### Exercise instructions
Among the entries that follow, find the lines containing the string "best" and copy them.

BEGIN Data supplied

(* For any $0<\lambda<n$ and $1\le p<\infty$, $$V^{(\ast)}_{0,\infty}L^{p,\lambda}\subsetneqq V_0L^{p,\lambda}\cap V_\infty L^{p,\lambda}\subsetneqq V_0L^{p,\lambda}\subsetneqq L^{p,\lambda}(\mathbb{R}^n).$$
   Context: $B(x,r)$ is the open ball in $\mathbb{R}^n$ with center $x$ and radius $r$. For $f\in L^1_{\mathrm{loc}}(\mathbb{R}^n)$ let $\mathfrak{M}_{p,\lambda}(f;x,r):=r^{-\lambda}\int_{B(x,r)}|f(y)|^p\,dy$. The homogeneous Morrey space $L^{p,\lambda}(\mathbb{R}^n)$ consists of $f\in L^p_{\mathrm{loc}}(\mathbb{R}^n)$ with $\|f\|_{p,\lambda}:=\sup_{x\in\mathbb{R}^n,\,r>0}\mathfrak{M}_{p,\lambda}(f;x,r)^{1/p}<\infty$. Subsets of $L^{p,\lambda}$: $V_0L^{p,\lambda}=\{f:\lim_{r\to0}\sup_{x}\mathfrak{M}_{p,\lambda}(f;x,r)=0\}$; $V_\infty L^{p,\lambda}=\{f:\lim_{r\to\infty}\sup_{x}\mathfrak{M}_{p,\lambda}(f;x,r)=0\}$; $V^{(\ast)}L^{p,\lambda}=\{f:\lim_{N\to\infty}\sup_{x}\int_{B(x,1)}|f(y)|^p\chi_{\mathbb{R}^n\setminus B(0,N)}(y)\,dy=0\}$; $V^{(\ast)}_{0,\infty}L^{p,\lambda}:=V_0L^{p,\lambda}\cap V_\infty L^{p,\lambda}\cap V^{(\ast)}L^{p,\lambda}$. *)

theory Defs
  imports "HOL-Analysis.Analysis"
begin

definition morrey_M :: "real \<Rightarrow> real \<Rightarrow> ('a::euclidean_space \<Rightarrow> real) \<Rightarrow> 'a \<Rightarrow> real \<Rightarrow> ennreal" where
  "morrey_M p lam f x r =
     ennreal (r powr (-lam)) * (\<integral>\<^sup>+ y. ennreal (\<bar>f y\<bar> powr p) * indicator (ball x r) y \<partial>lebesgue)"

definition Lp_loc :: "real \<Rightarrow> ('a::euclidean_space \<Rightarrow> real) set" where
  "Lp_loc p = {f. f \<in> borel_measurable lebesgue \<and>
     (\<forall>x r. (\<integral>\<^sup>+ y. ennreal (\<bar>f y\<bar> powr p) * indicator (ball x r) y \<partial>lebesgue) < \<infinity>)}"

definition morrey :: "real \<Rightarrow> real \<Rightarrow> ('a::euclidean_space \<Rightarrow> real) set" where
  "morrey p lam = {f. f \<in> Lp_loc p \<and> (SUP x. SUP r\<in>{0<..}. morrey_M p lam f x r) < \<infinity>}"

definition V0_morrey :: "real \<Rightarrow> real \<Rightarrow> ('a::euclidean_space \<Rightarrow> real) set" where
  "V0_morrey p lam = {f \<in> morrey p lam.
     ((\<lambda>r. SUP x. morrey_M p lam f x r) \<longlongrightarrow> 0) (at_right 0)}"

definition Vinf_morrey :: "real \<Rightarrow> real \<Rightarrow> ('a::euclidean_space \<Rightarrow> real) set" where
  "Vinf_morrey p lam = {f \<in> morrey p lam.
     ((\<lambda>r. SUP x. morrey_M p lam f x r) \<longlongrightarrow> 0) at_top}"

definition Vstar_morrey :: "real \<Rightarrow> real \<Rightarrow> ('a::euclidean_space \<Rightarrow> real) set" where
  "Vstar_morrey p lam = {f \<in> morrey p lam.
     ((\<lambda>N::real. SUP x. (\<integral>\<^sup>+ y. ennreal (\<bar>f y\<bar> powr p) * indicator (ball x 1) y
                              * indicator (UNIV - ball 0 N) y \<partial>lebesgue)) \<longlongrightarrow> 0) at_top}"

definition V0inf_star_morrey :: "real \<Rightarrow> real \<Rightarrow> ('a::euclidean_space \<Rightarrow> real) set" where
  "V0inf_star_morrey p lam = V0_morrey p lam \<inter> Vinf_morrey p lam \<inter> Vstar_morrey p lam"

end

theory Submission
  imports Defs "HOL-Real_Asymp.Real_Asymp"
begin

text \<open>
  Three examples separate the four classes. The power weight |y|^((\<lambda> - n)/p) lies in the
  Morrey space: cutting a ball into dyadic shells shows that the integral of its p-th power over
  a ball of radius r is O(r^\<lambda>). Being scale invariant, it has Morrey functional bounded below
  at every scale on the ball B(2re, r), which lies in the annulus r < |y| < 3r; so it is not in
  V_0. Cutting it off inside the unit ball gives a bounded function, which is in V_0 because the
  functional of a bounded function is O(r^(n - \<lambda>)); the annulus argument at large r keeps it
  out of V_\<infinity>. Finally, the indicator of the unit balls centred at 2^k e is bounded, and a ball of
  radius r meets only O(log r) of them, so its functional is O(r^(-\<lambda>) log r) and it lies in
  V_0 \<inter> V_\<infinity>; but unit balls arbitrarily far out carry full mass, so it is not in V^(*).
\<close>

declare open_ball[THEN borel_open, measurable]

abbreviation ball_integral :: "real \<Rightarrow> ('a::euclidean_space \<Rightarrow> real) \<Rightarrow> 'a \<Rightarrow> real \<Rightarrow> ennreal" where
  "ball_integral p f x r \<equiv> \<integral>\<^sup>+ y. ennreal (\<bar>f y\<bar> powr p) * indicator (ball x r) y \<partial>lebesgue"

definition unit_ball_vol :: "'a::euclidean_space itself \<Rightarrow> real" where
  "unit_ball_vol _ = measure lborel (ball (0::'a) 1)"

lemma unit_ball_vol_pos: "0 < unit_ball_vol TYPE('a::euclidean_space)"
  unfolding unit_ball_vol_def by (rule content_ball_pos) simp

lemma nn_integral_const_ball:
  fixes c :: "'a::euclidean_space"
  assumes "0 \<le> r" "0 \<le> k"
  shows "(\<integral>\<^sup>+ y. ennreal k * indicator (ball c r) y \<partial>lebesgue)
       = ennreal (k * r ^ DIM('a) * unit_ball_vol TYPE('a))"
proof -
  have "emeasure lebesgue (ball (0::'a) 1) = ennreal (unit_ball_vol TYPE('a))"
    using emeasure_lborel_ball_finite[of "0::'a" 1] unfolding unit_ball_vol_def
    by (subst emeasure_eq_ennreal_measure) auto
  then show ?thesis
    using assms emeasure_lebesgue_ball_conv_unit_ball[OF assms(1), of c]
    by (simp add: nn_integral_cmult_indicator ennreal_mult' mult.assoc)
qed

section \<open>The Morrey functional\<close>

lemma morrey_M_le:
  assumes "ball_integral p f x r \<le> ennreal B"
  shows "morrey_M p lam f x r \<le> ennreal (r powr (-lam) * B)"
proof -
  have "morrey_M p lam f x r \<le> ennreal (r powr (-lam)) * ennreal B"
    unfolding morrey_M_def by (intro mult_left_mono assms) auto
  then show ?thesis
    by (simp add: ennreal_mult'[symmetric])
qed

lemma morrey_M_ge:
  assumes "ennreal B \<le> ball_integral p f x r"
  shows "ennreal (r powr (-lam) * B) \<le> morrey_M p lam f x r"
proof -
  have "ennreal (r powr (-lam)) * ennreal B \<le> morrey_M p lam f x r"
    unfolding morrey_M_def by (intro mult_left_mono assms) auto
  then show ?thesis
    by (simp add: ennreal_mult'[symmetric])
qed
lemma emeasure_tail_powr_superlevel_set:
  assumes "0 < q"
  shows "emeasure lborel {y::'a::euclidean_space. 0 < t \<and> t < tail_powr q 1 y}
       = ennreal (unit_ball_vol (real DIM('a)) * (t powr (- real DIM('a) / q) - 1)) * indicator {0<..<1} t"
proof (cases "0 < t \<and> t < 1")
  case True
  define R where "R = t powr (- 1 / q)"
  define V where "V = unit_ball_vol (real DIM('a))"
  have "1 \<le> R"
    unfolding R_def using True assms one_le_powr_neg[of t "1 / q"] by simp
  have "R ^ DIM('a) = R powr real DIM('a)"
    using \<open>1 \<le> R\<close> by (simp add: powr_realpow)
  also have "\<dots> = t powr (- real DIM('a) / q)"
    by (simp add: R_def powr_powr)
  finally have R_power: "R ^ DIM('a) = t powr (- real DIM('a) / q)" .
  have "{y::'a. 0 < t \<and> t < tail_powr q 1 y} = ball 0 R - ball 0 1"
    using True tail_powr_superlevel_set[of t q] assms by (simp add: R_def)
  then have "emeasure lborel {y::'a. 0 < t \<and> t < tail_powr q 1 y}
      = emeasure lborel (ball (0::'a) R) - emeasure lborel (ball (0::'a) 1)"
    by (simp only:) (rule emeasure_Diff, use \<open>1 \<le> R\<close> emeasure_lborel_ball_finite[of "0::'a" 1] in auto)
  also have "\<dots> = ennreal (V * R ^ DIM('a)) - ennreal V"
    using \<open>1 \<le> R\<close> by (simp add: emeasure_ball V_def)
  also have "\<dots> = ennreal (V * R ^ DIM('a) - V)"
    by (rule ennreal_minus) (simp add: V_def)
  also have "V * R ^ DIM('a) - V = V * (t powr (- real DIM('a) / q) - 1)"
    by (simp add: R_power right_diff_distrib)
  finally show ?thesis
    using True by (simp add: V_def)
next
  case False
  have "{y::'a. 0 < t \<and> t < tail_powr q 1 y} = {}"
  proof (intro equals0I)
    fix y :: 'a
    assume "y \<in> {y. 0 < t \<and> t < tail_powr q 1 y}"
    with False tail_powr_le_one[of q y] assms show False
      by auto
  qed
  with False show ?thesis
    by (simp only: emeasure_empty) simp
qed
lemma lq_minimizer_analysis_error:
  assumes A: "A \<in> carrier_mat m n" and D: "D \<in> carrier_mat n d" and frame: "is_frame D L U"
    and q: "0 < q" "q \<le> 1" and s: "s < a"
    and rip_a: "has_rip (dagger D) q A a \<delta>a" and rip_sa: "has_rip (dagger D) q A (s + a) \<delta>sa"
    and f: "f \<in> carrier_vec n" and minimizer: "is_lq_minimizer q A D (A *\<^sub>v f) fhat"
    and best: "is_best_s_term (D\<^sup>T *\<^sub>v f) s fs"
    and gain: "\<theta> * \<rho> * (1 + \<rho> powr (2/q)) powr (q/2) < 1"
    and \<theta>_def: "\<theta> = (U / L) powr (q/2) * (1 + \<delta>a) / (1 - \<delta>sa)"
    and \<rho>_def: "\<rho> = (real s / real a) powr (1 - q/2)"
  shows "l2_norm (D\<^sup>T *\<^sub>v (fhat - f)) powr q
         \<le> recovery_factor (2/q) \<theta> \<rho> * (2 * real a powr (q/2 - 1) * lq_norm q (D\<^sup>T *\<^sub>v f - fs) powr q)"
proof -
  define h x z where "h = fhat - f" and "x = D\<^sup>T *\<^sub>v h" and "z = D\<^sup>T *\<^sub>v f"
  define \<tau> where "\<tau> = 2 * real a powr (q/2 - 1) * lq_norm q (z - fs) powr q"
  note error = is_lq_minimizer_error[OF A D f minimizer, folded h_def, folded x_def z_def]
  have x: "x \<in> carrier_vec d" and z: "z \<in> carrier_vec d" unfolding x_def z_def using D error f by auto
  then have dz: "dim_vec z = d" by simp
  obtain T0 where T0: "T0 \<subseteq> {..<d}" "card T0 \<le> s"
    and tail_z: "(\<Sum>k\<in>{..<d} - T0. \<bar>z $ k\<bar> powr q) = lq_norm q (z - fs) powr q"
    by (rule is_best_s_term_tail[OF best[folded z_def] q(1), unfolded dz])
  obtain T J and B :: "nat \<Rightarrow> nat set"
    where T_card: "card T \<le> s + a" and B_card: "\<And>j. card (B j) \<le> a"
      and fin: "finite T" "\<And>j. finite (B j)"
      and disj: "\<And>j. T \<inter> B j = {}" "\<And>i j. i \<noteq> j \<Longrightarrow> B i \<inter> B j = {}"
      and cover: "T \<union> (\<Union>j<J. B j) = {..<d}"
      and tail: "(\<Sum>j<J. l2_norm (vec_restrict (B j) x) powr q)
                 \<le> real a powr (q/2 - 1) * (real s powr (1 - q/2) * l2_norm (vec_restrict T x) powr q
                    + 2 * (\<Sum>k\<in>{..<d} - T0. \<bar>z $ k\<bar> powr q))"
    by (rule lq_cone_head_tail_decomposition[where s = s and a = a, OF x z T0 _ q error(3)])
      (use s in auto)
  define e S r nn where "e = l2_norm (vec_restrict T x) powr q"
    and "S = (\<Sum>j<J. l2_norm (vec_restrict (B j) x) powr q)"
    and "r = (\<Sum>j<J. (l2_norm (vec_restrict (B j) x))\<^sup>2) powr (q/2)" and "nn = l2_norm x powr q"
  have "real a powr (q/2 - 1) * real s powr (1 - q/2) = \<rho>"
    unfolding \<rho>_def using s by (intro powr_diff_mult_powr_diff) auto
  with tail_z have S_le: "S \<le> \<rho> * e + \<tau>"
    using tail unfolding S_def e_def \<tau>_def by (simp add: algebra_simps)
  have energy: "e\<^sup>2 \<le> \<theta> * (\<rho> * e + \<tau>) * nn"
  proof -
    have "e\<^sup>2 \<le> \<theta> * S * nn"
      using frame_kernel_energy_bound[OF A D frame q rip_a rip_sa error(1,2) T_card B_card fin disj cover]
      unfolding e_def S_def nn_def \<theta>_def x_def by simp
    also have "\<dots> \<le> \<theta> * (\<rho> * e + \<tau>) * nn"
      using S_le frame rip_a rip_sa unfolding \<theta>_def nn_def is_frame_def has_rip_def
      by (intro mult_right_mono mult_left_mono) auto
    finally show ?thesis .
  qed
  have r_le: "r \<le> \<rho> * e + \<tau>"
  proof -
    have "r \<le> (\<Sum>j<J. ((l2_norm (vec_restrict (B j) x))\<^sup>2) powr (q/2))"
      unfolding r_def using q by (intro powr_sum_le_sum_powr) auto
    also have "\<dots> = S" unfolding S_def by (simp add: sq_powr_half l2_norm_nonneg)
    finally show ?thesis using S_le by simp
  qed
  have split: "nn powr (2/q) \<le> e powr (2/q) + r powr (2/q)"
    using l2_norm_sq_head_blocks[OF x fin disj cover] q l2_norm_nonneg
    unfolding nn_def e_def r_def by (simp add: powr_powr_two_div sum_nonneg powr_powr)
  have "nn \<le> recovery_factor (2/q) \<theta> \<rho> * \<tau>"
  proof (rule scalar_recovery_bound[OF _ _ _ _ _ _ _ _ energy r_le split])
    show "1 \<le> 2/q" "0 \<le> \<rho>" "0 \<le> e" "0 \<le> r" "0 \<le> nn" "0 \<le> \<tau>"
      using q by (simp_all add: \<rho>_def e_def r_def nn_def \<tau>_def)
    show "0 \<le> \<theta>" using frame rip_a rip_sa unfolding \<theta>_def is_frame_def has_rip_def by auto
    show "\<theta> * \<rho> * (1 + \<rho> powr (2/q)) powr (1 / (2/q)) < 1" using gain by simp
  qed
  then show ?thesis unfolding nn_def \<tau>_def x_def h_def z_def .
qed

END Data supplied

### Exercise output
    and best: "is_best_s_term (D\<^sup>T *\<^sub>v f) s fs"
    by (rule is_best_s_term_tail[OF best[folded z_def] q(1), unfolded dz])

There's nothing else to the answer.